The Department of Health and Human Services issued today a final rule (warning: pdf) mandating the adoption of ICD-10-CM as a code set under the Health Insurance Portability and Accountability Act (HIPAA). It pushed back the deadline from Oct 1, 2011 (from its proposed rule last August) to Oct 1, 2013.
At approximately the same time, the National Center for Health Statistics released a new, 2009 version of ICD-10-CM that is available here. Instead of the 23MB, 2,392 page PDF file of the 2007 format, we now have an 8.8MB, 2,369 page PDF file. A trimming of 1% on the page count, and a shrinking of over 50% in file size.

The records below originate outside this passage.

(* For the iterates of SONATA with step-size $\alpha\in(0,1]$ under Assumptions (A), (B), (C), (W), for all $\nu\ge0$: $$\|d^\nu\|^2\le\frac6\mu\Big(\Big(\frac{D_{\max}}{\tilde\mu_{\min}}+1\Big)^2+\frac{4L_{\max}^2}{\tilde\mu_{\min}^2}\Big)p^\nu+\frac3{\tilde\mu_{\min}^2}\|y_\perp^\nu\|^2.$$
   Context: Problem (P): minimize $U=F+G$ over $\mathcal K$, $F=\frac1m\sum_{i=1}^mf_i$. (A): $\mathcal K\subseteq\mathbb R^d$ nonempty closed convex; $f_i$ twice differentiable convex on open $\mathcal O\supseteq\mathcal K$; $\mu I\preceq\nabla^2F\preceq LI$ on $\mathcal K$ ($\mu>0$, $L<\infty$); $G$ convex on $\mathcal K$; $x^\star$ unique minimizer, $U^\star=U(x^\star)$. $\nabla^2f_i\preceq L_iI$ on $\mathcal K$, $L_{\max}=\max_iL_i$. (B): connected undirected graph on $\{1,\dots,m\}$, edges $\mathcal E$. (W): $w_{ii}>0$; for $i\ne j$, $w_{ij}>0$ iff $(i,j)\in\mathcal E$, else 0; $W$ doubly stochastic. (C): $\tilde f_i:\mathcal O\times\mathcal O\to\mathbb R$ $C^2$, $\nabla\tilde f_i(x;x)=\nabla f_i(x)$, $\nabla\tilde f_i(\cdot;x)$ $\tilde L_i$-Lipschitz and $\tilde f_i(\cdot;x)$ $\tilde\mu_i$-strongly convex on $\mathcal K$ for all $x\in\mathcal K$; constants $D_i^\ell\le D_i^u$ with $D_i^\ell I\preceq\nabla^2\tilde f_i(x;y)-\nabla^2F(x)\preceq D_i^uI$ on $\mathcal K\times\mathcal K$; $D_i=\max\{|D_i^\ell|,|D_i^u|\}$, $D_{\max}=\max D_i$, $\tilde\mu_{\min}=\min\tilde\mu_i$. SONATA: $x_i^0\in\mathcal K$, $y_i^0=\nabla f_i(x_i^0)$; $\hat x_i^\nu=\arg\min_{x_i\in\mathcal K}\tilde f_i(x_i;x_i^\nu)+(y_i^\nu-\nabla f_i(x_i^\nu))^\top(x_i-x_i^\nu)+G(x_i)$; $d_i^\nu=\hat x_i^\nu-x_i^\nu$; $x_i^{\nu+1/2}=x_i^\nu+\alpha d_i^\nu$; $x_i^{\nu+1}=\sum_jw_{ij}x_j^{\nu+1/2}$; $y_i^{\nu+1}=\sum_jw_{ij}(y_j^\nu+\nabla f_j(x_j^{\nu+1})-\nabla f_j(x_j^\nu))$. $d^\nu,y^\nu$ stack local vectors; $y_\perp^\nu=y^\nu-\mathbf1_m\otimes\frac1m\sum_iy_i^\nu$; $p^\nu=\sum_i(U(x_i^\nu)-U^\star)$. *)

theory Defs
  imports "HOL-Analysis.Analysis"
begin

definition strongly_convex_with :: "'a::real_inner set \<Rightarrow> real \<Rightarrow> ('a \<Rightarrow> real) \<Rightarrow> bool" where
  "strongly_convex_with S c g \<longleftrightarrow> convex S \<and> convex_on S (\<lambda>x. g x - (c / 2) * (norm x)\<^sup>2)"

definition C2_on :: "'b::euclidean_space set \<Rightarrow> ('b \<Rightarrow> real) \<Rightarrow> bool" where
  "C2_on S g \<longleftrightarrow> (\<exists>(g' :: 'b \<Rightarrow> 'b \<Rightarrow>\<^sub>L real) (g'' :: 'b \<Rightarrow> 'b \<Rightarrow>\<^sub>L ('b \<Rightarrow>\<^sub>L real)).
      (\<forall>x\<in>S. (g has_derivative blinfun_apply (g' x)) (at x)) \<and>
      (\<forall>x\<in>S. (g' has_derivative blinfun_apply (g'' x)) (at x)) \<and>
      continuous_on S g'')"

definition connected_graph :: "nat \<Rightarrow> (nat \<times> nat) set \<Rightarrow> bool" where
  "connected_graph m E \<longleftrightarrow> (\<forall>i<m. \<forall>j<m. (i, j) \<in> E\<^sup>*)"

end

(* Both the best response x_hat_i of agent i and the minimizer x* minimize a smooth function plus G
   over K. Adding their variational inequalities and using the strong monotonicity of
   grad f_tilde_i(.; x_i) gives
     mu_tilde_min |x_hat_i - x*| <= D_max |x_i - x*| + |y_i - grad F(x_i)|,
   since grad f_tilde_i(.; x_i) - grad F is D_max-Lipschitz on K: its derivative is symmetric and its
   quadratic form lies between D_i^l and D_i^u. Gradient tracking keeps the average of the y_i equal to
   the average of the grad f_j(x_j), so |y_i - grad F(x_i)| is at most the consensus error
   |y_i - y_bar| plus L_max times distances to x*. Strong convexity of F gives
   U(x_i) - U* >= mu/2 |x_i - x*|^2, and squaring and summing with
   (a + b + c)^2 <= 3 (a^2 + b^2 + c^2) yields the bound. *)

theory Submission
  imports Defs
begin

section \<open>One-dimensional reduction and first-order optimality\<close>

lemma has_real_derivative_along_line:
  fixes s :: "'a::real_normed_vector \<Rightarrow> real"
  assumes "(s has_derivative s') (at (a + t *\<^sub>R h))"
  shows "((\<lambda>t. s (a + t *\<^sub>R h)) has_real_derivative s' h) (at t)"
proof -
  have "((\<lambda>t. a + t *\<^sub>R h) has_derivative (\<lambda>u. u *\<^sub>R h)) (at t)"
    by (auto intro!: derivative_eq_intros)
  from has_derivative_compose[OF this assms]
  have "((\<lambda>t. s (a + t *\<^sub>R h)) has_derivative (\<lambda>u. s' (u *\<^sub>R h))) (at t)" .
  moreover have "(\<lambda>u. s' (u *\<^sub>R h)) = (*) (s' h)"
    using assms has_derivative_linear by (force simp: linear_scale)
  ultimately show ?thesis by (simp add: has_field_derivative_def)
qed
lemma mean_sq_dev_particle_pmf_le:
  assumes k: "k < N" and nz: "A k k \<noteq> 0" and col: "2 \<le> col_l0 N A k" and s: "s \<in> {-1, 1}"
  shows "mean_sq_dev N (particle_pmf N A k s) (mean_vec (particle_pmf N A k s))
           \<le> (real (col_l0 N A k) - 2) * offdiag_col_sq_l2 N A k + 1/2"
proof -
  have ne: "offdiag_support N A k \<noteq> {}"
    by (rule offdiag_support_nonempty[OF k nz col])
  note spawn = finite_set_spawn_pmf[OF ne] and diag = finite_set_diag_pmf
  have "mean_sq_dev N (particle_pmf N A k s) (mean_vec (particle_pmf N A k s))
      = mean_sq_dev N (indep_add_pmf (spawn_pmf N A k s) (diag_pmf A k s))
          (\<lambda>i. mean_vec (spawn_pmf N A k s) i + mean_vec (diag_pmf A k s) i)"
    unfolding particle_pmf_eq_indep_add_pmf mean_vec_indep_add_pmf[OF spawn diag] ..
  also have "\<dots> = mean_sq_dev N (spawn_pmf N A k s) (mean_vec (spawn_pmf N A k s))
                  + mean_sq_dev N (diag_pmf A k s) (mean_vec (diag_pmf A k s))"
    by (rule mean_sq_dev_indep_add_pmf[OF spawn diag refl])
  also have "\<dots> \<le> (real (card (offdiag_support N A k)) - 1) * (\<Sum>j\<in>offdiag_support N A k. (A j k)\<^sup>2)
                  + 1/4 + 1/4"
    by (intro add_mono mean_sq_dev_spawn_pmf_le[OF ne s] mean_sq_dev_diag_pmf_le[where A = A, OF s k nz])
  also have "\<dots> = (real (col_l0 N A k) - 2) * offdiag_col_sq_l2 N A k + 1/2"
    using k nz
    by (simp add: col_l0_eq_Suc_card_offdiag_support offdiag_col_sq_l2_eq_sum_offdiag_support)
  finally show ?thesis .
qed

lemma sum_indep_pmf_Cons: "sum_indep_pmf (p # ps) = indep_add_pmf p (sum_indep_pmf ps)"
  by (simp add: indep_add_pmf_def)

lemma finite_set_sum_indep_pmf:
  "(\<And>p. p \<in> set ps \<Longrightarrow> finite (set_pmf p)) \<Longrightarrow> finite (set_pmf (sum_indep_pmf ps))"
  by (induction ps)
     (simp_all del: sum_indep_pmf.simps(2) add: sum_indep_pmf_Cons finite_set_indep_add_pmf)

lemma mean_vec_sum_indep_pmf:
  "(\<And>p. p \<in> set ps \<Longrightarrow> finite (set_pmf p))
     \<Longrightarrow> mean_vec (sum_indep_pmf ps) i = (\<Sum>p\<leftarrow>ps. mean_vec p i)"
proof (induction ps)
  case Nil
  then show ?case by (simp add: mean_vec_def)
next
  case (Cons p ps)
  then show ?case
    by (simp del: sum_indep_pmf.simps(2)
        add: sum_indep_pmf_Cons mean_vec_indep_add_pmf finite_set_sum_indep_pmf)
qed

lemma mean_sq_dev_sum_indep_pmf:
  "(\<And>p. p \<in> set ps \<Longrightarrow> finite (set_pmf p))
     \<Longrightarrow> mean_sq_dev N (sum_indep_pmf ps) (\<lambda>i. \<Sum>p\<leftarrow>ps. mean_vec p i)
           = (\<Sum>p\<leftarrow>ps. mean_sq_dev N p (mean_vec p))"
proof (induction ps)
  case Nil
  then show ?case by (simp add: mean_sq_dev_def)
next
  case (Cons p ps)
  have "mean_sq_dev N (sum_indep_pmf (p # ps)) (\<lambda>i. \<Sum>q\<leftarrow>p # ps. mean_vec q i)
      = mean_sq_dev N p (mean_vec p) + mean_sq_dev N (sum_indep_pmf ps) (\<lambda>i. \<Sum>q\<leftarrow>ps. mean_vec q i)"
    unfolding sum_indep_pmf_Cons sum_list.Cons list.map
    by (rule mean_sq_dev_indep_add_pmf)
       (use Cons.prems in \<open>simp_all add: finite_set_sum_indep_pmf mean_vec_sum_indep_pmf\<close>)
  then show ?case
    using Cons by simp
qed

lemma sum_list_map_particles:
  fixes g :: "nat \<times> int \<Rightarrow> real"
  shows "(\<Sum>x\<leftarrow>particles N v. g x) = (\<Sum>k<N. \<bar>real_of_int (v k)\<bar> * g (k, sgn (v k)))"
  by (induction N) (simp_all add: particles_def sum_list_replicate)

lemma set_particles: "(k, s) \<in> set (particles N v) \<Longrightarrow> k < N \<and> s \<in> {-1, 1}"
  by (auto simp: particles_def sgn_if)

lemma finite_set_particle_pmfs:
  assumes "\<And>k. k < N \<Longrightarrow> offdiag_support N A k \<noteq> {}"
  shows "p \<in> set (map (\<lambda>(k, s). particle_pmf N A k s) (particles N v)) \<Longrightarrow> finite (set_pmf p)"
  using assms set_particles by (auto intro: finite_set_particle_pmf)

lemma sum_mean_vec_particle_pmfs:
  assumes ne: "\<And>k. k < N \<Longrightarrow> offdiag_support N A k \<noteq> {}" and i: "i < N"
  shows "(\<Sum>p\<leftarrow>map (\<lambda>(k, s). particle_pmf N A k s) (particles N v). mean_vec p i) = matvec N A v i"
proof -
  have "(\<Sum>p\<leftarrow>map (\<lambda>(k, s). particle_pmf N A k s) (particles N v). mean_vec p i)
      = (\<Sum>x\<leftarrow>particles N v. of_int (snd x) * A i (fst x))"
    unfolding map_map
    by (intro arg_cong[of _ _ sum_list] map_cong refl)
       (use set_particles i in \<open>auto simp: ne mean_vec_particle_pmf\<close>)
  also have "\<dots> = matvec N A v i"
    unfolding sum_list_map_particles matvec_def
    by (intro sum.cong refl) (simp add: abs_mult_sgn flip: of_int_abs of_int_mult)
  finally show ?thesis .
qed
(* Let $E$ be the elliptic curve $Y^2+11Y=X^3+11X^2+33X$ over $\mathbb{Q}$ and $t=Y-\frac{11}{X}$. For every point $P\in E(\mathbb{Q})$ other than the point at infinity, $(0,0)$ and $(0,-11)$ (the poles of $t$), we have $\widehat{h}(P)\le \tfrac13 h_t(P)+4.52$.
   Context: For a non-constant function $f$ on $E$ and $P\in E(\mathbb{Q})$ with $f(P)$ finite, $H_f(P)=\prod_{p\le\infty}\max(1,|f(P)|_p)$ (product over all primes and the archimedean place, standard normalized absolute values) and $h_f(P)=\log H_f(P)$. The canonical height is $\widehat{h}(P)=\frac{1}{\deg f}\lim_{n\to\infty} h_f(2^nP)/4^n$ for any even non-constant function $f$, e.g. $f=X$ with $\deg X=2$ (Silverman's normalization). *)

theory Defs
  imports Complex_Main "HOL-Library.Groups_Big_Fun" "HOL-Computational_Algebra.Primes"
begin

text \<open>Points of E(Q) for a Weierstrass curve; None is the point at infinity.\<close>
type_synonym ept = "(rat \<times> rat) option"

definition a1 :: rat where "a1 = 0"
definition a2 :: rat where "a2 = 11"
definition a3 :: rat where "a3 = 11"
definition a4 :: rat where "a4 = 33"
definition a6 :: rat where "a6 = 0"

definition on_curve :: "ept \<Rightarrow> bool" where
  "on_curve P = (case P of None \<Rightarrow> True
     | Some (x, y) \<Rightarrow> y^2 + a1*x*y + a3*y = x^3 + a2*x^2 + a4*x + a6)"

The health care industry now has a little more than 4.5 years to find every usage of ICD-9-CM codes in all of its systems, and upgrade and test them to use ICD-10-CM. All the effort spent on that, will not be spent on adopting electronic medical records, devising and participating in pay for performance programs, improving patient safety, automating the reporting of notifiable diseases, chronic disease management, quality initiatives, adopting other information technology standards for true interoperability, and the list goes on.
ICD-10-CM fails every basic requirement demanded of modern technology, terminology, and ontology, and yet it--and previously ICD-9-CM which also fails to meet these requirements--are the only code sets the government has mandated the industry adopt en masse. We suppose it's not surprising coming from a government bureaucracy. But it still is senseless.